## TASK OBJECTIVE
Count the lines below that contain the word "where", and state only that number.
━━ DATA FOR THIS TASK
(* Let $q$ be a prime power, $t$ an integer with $2\le t<q$, and $d$ a non-negative integer. Then there exists an $\left(\left\lfloor \frac{q-d}{t-1}\right\rfloor;d\right)$-CFF$(q^2+q,\,q^t)$.
   Context: A set system $(X,\mathcal F)$ (a finite point set $X$ and a set $\mathcal F$ of subsets called blocks) is an $(r;d)$-CFF$(N,T)$ if $|X|=N$, $|\mathcal F|=T$, and for any block $B_0\in\mathcal F$ and any $r$ other blocks $A_1,\dots,A_r\in\mathcal F\setminus\{B_0\}$ we have $\left|B_0\setminus\bigcup_{j=1}^r A_j\right|>d$. *)

theory Defs
  imports Complex_Main "HOL-Number_Theory.Prime_Powers"
begin

definition cff :: "nat \<Rightarrow> nat \<Rightarrow> 'a set \<Rightarrow> 'a set set \<Rightarrow> nat \<Rightarrow> nat \<Rightarrow> bool" where
  "cff r d X F N T \<longleftrightarrow>
     finite X \<and> (\<forall>B\<in>F. B \<subseteq> X) \<and> card X = N \<and> card F = T \<and>
     (\<forall>B0\<in>F. \<forall>A :: nat \<Rightarrow> 'a set. (\<forall>j<r. A j \<in> F - {B0}) \<longrightarrow>
        card (B0 - (\<Union>j<r. A j)) > d)"

end

theory Submission
  imports Defs "HOL-Algebra.Algebraic_Closure" "HOL-Number_Theory.Residues"
begin

text \<open>Over a field with \<open>q\<close> elements, the polynomials of degree less than \<open>t\<close>, read at the
  \<open>q\<close> field elements and at the point at infinity (where one reads the coefficient of
  \<open>x\<^sup>t\<^sup>-\<^sup>1\<close>), form a code of length \<open>q + 1\<close> with \<open>q\<^sup>t\<close> words, any two of which agree
  in at most \<open>t - 1\<close> positions. The graphs of the codewords are \<open>q\<^sup>t\<close> blocks of size \<open>q + 1\<close> in
  a set of \<open>(q + 1) q\<close> points, any two of which meet in at most \<open>t - 1\<close> points; so \<open>r\<close> other
  blocks cover at most \<open>r (t - 1) \<le> q - d\<close> points of a block and leave more than \<open>d\<close>.

  The field with \<open>q = p\<^sup>n\<close> elements is the set of roots of \<open>X\<^sup>q - X\<close> in an algebraic closure
  of \<open>\<int>/p\<close>: the roots form a subfield because \<open>(x + y)\<^sup>q = x\<^sup>q + y\<^sup>q\<close> in characteristic
  \<open>p\<close>, and there are \<open>q\<close> of them because \<open>X\<^sup>q - X\<close> has no repeated root.\<close>

no_notation var (\<open>X\<index>\<close>)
━━━━
## ANSWER AREA
2